"Safety" Scrum

We adopted an agile approach imbued with practices for engineering safety-critical systems.  In the diagram on the right you can see the typical SCRUM process in which stakeholders work with the product owner to create safety stories and to place them into a ranked product backlog.  In a non-safety critical project, the customer then selects user stories for a sprint, and the team implements them in order to release working, executable software at the end of the sprint.

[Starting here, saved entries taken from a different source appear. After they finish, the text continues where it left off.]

lemma three_quarters_min_two_le:
  fixes u z :: real
  assumes "0 \<le> u" "0 \<le> z" "z \<le> 1"
  shows "3/4 * min 2 (u + z) \<le> u + 2 * z - u * z"
proof -
  have square: "0 \<le> (z - 1/2) * (z - 1/2)" by simp
  have distrib: "u * (z - c) = u * z - u * c" for c
    by (simp add: algebra_simps)
  show ?thesis
  proof (cases "u + z \<le> 2")
    case True
    have "u * (z - 1/4) \<le> 5/4 * z"
    proof (cases "z \<le> 1/4")
      case True
      then have "u * (z - 1/4) \<le> 0"
        using assms by (intro mult_nonneg_nonpos) auto
      then show ?thesis
        using assms by simp
    next
      case False
      have "u * (z - 1/4) \<le> (2 - z) * (z - 1/4)"
        using False \<open>u + z \<le> 2\<close> by (intro mult_right_mono) auto
      also have "\<dots> = 5/4 * z - (z - 1/2) * (z - 1/2) - 1/4"
        by (simp add: field_simps)
      finally show ?thesis
        using square by linarith
    qed
    then show ?thesis
      using True unfolding distrib by simp
  next
    case False
    have "(2 - z) * (1 - z) \<le> u * (1 - z)"
      using False assms by (intro mult_right_mono) auto
    also have "\<dots> = u - u * z"
      by (simp add: algebra_simps)
    finally show ?thesis
      using False square by (simp add: algebra_simps)
  qed
qed

section \<open>Expectations under distributions with given marginals\<close>

definition expectation :: "nat set \<Rightarrow> (nat set \<Rightarrow> real) \<Rightarrow> (nat set \<Rightarrow> real) \<Rightarrow> real" where
  "expectation N \<theta> g = (\<Sum>S\<in>Pow N. \<theta> S * g S)"

definition trunc_card :: "nat \<Rightarrow> nat set \<Rightarrow> nat set \<Rightarrow> real" where
  "trunc_card k A S = real (min k (card (S \<inter> A)))"

lemma marginal_dists_finite:
  assumes "\<theta> \<in> marginal_dists N x"
  shows "finite N"
proof (rule ccontr)
  assume "infinite N"
  then have "(\<Sum>S\<in>Pow N. \<theta> S) = 0" by simp
  with assms show False unfolding marginal_dists_def by simp
qed

lemma expectation_add: "expectation N \<theta> (\<lambda>S. g S + h S) = expectation N \<theta> g + expectation N \<theta> h"
  unfolding expectation_def by (simp add: distrib_left sum.distrib)

lemma expectation_diff: "expectation N \<theta> (\<lambda>S. g S - h S) = expectation N \<theta> g - expectation N \<theta> h"
  unfolding expectation_def by (simp add: right_diff_distrib sum_subtractf)

lemma expectation_scale: "expectation N \<theta> (\<lambda>S. a * g S) = a * expectation N \<theta> g"
  unfolding expectation_def by (simp add: sum_distrib_left mult_ac)
theorem mainTheorem8:
  fixes n l i :: nat and d :: int
  assumes "n \<ge> 3" and "l \<ge> 1" and "d \<noteq> 0" and "1 \<le> i" and "i \<le> n"
  shows "ipow (phi n l :: 'k::field_char_0 mpoly \<Rightarrow> 'k mpoly) d (Var i)
           \<in> Pset n ((2 * n - i - 1) * l) 1"
proof -
  have i: "i \<in> {1..n}"
    using assms by simp
  obtain w :: "nat \<Rightarrow> 'k poly" where phi: "ipow (phi n l) d (Var i) = linear_form n w"
    and deg: "\<And>j. j \<in> {1..n} \<Longrightarrow> degree (w j) \<le> l * (j - 1) + l * (n - i)"
    and top: "coeff (w n) (l * (n - 1) + l * (n - i)) = of_int d ^ (n - 1) * (-1) ^ (n - i)"
    using ipow_phi_Var_linear_form[OF assms(2) i, where d = d] by blast
  have \<alpha>: "(2 * n - i - 1) * l = l * (n - 1) + l * (n - i)"
    using i by (simp add: algebra_simps)
  have "degree (w j) + l * (n - j) \<le> (2 * n - i - 1) * l" if "j \<in> {1..n}" for j
  proof -
    have "l * (j - 1) + l * (n - j) = l * (n - 1)"
      using that by (simp add: diff_mult_distrib2)
    then show ?thesis
      using deg[OF that] \<alpha> by linarith
  qed
  moreover have "coeff (w n) ((2 * n - i - 1) * l) \<noteq> 0"
    using top assms(3) \<alpha> by simp
  ultimately show ?thesis
    unfolding phi by (rule linear_form_in_Pset[OF assms(1,2)])
qed

end
theorem lemma11:
  fixes V :: "'a set" and E :: "'a \<Rightarrow> 'a \<Rightarrow> bool"
    and A :: "nat \<Rightarrow> 'a set" and p l \<delta> :: nat
  assumes "simple_graph V E"
    and "card V \<ge> 2"
    and "p \<ge> 1" and "l \<ge> 1" and "\<delta> \<ge> 1"
    and "\<And>i. i \<in> {1..p} \<Longrightarrow> A i \<subseteq> V \<and> A i \<noteq> {}"
  shows "(\<exists>T r par. rooted_tree_in V E T r par (4 * \<delta> * l * ln (card V))
            \<and> real (card T) \<le> 4 * \<delta> * l * p * ln (card V)
            \<and> (\<forall>i \<in> {1..p}. T \<inter> A i \<noteq> {}))
       \<or> (\<exists>S. S \<subset> V
            \<and> real (card (nbhd_pow V E \<delta> S \<inter> (V - S))) < real (min (card S) (card (V - S))) / l
            \<and> real (card (nbhd_pow V E \<delta> (V - S) \<inter> S)) < real (min (card S) (card (V - S))) / l)"
proof -
  define D where "D = 4 * real \<delta> * real l * ln (card V)"
  consider (cut) "\<exists>S. sparse_cut V E \<delta> l S"
    | (radius) R where "\<And>u. u \<in> V \<Longrightarrow> V \<subseteq> nbhd_pow V E R {u}" "1 \<le> R" "real R \<le> D"
    using radius_le_if_no_sparse_cut[OF assms(1) _ assms(2,4,5)] unfolding D_def by blast
  then show ?thesis
  proof cases
    case cut
    then show ?thesis
      unfolding sparse_cut_def by blast
  next
    case radius
    then obtain T r par where T: "rooted_tree_in V E T r par (real R)"
        "card T \<le> 1 + (p - 1) * R" "\<forall>i \<in> {1..p}. T \<inter> A i \<noteq> {}"
      using tree_meeting_all_sets[OF assms(1,3), where A = A, OF assms(6)] by blast
    have "real (card T) \<le> 1 + real (p - 1) * real R"
      using T(2) by (metis of_nat_1 of_nat_add of_nat_le_iff of_nat_mult)
    also have "\<dots> \<le> D + real (p - 1) * D"
      using radius(2,3) by (intro add_mono mult_left_mono) auto
    also have "\<dots> = 4 * \<delta> * l * p * ln (card V)"
      using assms(3) unfolding D_def by (simp add: of_nat_diff algebra_simps)
    finally have "real (card T) \<le> 4 * \<delta> * l * p * ln (card V)" .
    moreover have "rooted_tree_in V E T r par (4 * \<delta> * l * ln (card V))"
      using rooted_tree_in_mono[OF T(1) radius(3)] unfolding D_def by simp
    ultimately show ?thesis
      using T(3) by blast
  qed
qed

end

So what do we do differently?

  1. First, instead of typical user stories we use the EARS format to write requirements.  These are more suited to requirements of a cyberphysical system.
  2. Second, we perform a preliminary hazard analysis at the start of the project to identify specific hazard that could cause harm if they were to occur.
  3. Third, for each of the identified hazards we identify contribution faults and document them in a Fault Mode Effect Criticality Analysis (FMECA) table.
  4. We then write mitigating requirements — which we refer to as safety requirements to eliminate or reduce the risk and/or impact of the fault.
  5. When stories (i.e., EARS requirements) are selected for an iteration, we perform a detailed hazard analysis to ensure that we have thought through all potential hazards and faults associated with each feature and with the interaction between any new features and those already implemented in the system.  This leads to modification in the FMECA and additional safety stories which are placed into the backlog.
  6. The sprint proceeds as normal; however, at the end of the sprint we inspect the delivered features for dependent safety stories.  The software is only considered safe for use if all safety stories associated with all features (and feature interactions) have been fully implemented and tested.
  7. Finally, we add specific testing and simulation tasks to the backlog.  These also create dependencies on each feature — and features can only be considered safe if all dependencies have handled.

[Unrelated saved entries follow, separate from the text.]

(* Let $T$ be a decomposition tree of a distance-hereditary graph $G$, and let $v$ be an internal node of $T$ labeled $\oplus$ with left child $v_l$ and right child $v_r$, such that property (P) holds at $v_l$ and at $v_r$. Assume that $\hat\alpha(v_r)\le\hat\beta(v_l)$, and that neither ($\hat\alpha(v_l)=\hat\beta(v_r)=0$) nor ($\hat\alpha(v_r)=\hat\beta(v_l)=0$) holds. Then $\hat\beta(v)=\hat\beta(v_l)-\hat\alpha(v_r)$.
   Context: All graphs are finite, simple, undirected. For a graph $H$ and $S\subseteq V(H)$, $N_H[S]$ is $S$ together with all vertices adjacent to a vertex of $S$, and $H[S]$ is the induced subgraph. Graphs carry a "twin set": a single-vertex graph on $x$ has twin set $\{x\}$. For vertex-disjoint graphs $G_l,G_r$ with twin sets $TS(G_l),TS(G_r)$: the true twin operation $G_l\otimes G_r$ has vertex set $V(G_l)\cup V(G_r)$, edge set $E(G_l)\cup E(G_r)\cup\{uw: u\in TS(G_l), w\in TS(G_r)\}$ and twin set $TS(G_l)\cup TS(G_r)$; the false twin operation $G_l\odot G_r$ has vertex set $V(G_l)\cup V(G_r)$, edge set $E(G_l)\cup E(G_r)$, twin set $TS(G_l)\cup TS(G_r)$; the attachment operation $G_l\oplus G_r$ has the same vertex and edge sets as $G_l\otimes G_r$ and twin set $TS(G_l)$. A decomposition tree $T$ of $G$ is a rooted binary tree whose leaves are in bijection with $V(G)$, each internal node having a left and a right child and a label in $\{\otimes,\odot,\oplus\}$; for each node $v$ define $\hat G(v)$ and $\hat{TS}(v)$ recursively: for a leaf $x$, the single-vertex graph on $x$ with twin set $\{x\}$; for an internal node $v$ with label $\circ$ and children $v_l,v_r$, $\hat G(v)=\hat G(v_l)\circ\hat G(v_r)$ with the corresponding twin set; one requires $\hat G(\text{root})=G$. Then $\hat G(v)$ is the subgraph of $G$ induced by the set $\hat V(v)$ of leaves below $v$. For a node $u$ and $0\le k\le|\hat{TS}(u)|$, call $S\subseteq\hat V(u)$ $k$-feasible if $\hat V(u)\setminus\hat{TS}(u)\subseteq N_{\hat G(u)}[S]$ and there is $X\subseteq S\cap\hat{TS}(u)$ with $|X|=k$ such that $\hat G(u)[S\setminus X]$ has a perfect matching. $\hat\gamma_k(u)$ is the minimum size of a $k$-feasible set. $\hat{min}(u)=\min\{\hat\gamma_k(u):0\le k\le|\hat{TS}(u)|\}$, and $\hat\alpha(u)$, $\hat\beta(u)$ are the smallest and the largest $k$ with $\hat\gamma_k(u)=\hat{min}(u)$. Property (P) holds at $u$ if for every $0\le k\le|\hat{TS}(u)|$: $\hat\gamma_k(u)=\hat{min}(u)+\hat\alpha(u)-k$ when $k\le\hat\alpha(u)$; $\hat\gamma_k(u)=\hat{min}(u)+k-\hat\beta(u)$ when $k\ge\hat\beta(u)$; $\hat\gamma_k(u)=\hat{min}(u)$ when $\hat\alpha(u)<k<\hat\beta(u)$ and $k-\hat\alpha(u)$ is even; and $\hat\gamma_k(u)=\hat{min}(u)+1$ otherwise. *)

theory Defs
  imports Main "HOL-Library.Extended_Nat"
begin

definition simple_graph :: "'a set \<Rightarrow> 'a set set \<Rightarrow> bool" where
  "simple_graph V E \<longleftrightarrow> finite V \<and>
     (\<forall>e\<in>E. \<exists>u v. e = {u, v} \<and> u \<noteq> v \<and> u \<in> V \<and> v \<in> V)"

fun walk :: "'a set set \<Rightarrow> 'a list \<Rightarrow> bool" where
  "walk E [] = False"
| "walk E [x] = True"
| "walk E (x # y # xs) = ({x, y} \<in> E \<and> walk E (y # xs))"

definition induced_edges :: "'a set set \<Rightarrow> 'a set \<Rightarrow> 'a set set" where
  "induced_edges E S = {e \<in> E. e \<subseteq> S}"

definition connected_graph :: "'a set \<Rightarrow> 'a set set \<Rightarrow> bool" where
  "connected_graph V E \<longleftrightarrow> (\<forall>u\<in>V. \<forall>v\<in>V. \<exists>p. walk E p \<and> set p \<subseteq> V \<and> hd p = u \<and> last p = v)"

Example:  Multiple UAVs shall fly in a shared airspace.

Delivering the software for multiple UAVs to fly in a shared airspace is relatively straightforward.  However, achieving it in a way that ensures effective collision avoidance avoidance involves numerous safety story.  Working, executable code, may be delivered, but may not necessarily be safe for use.  Our SCRUM process keeps us informed of the current safety status of the software.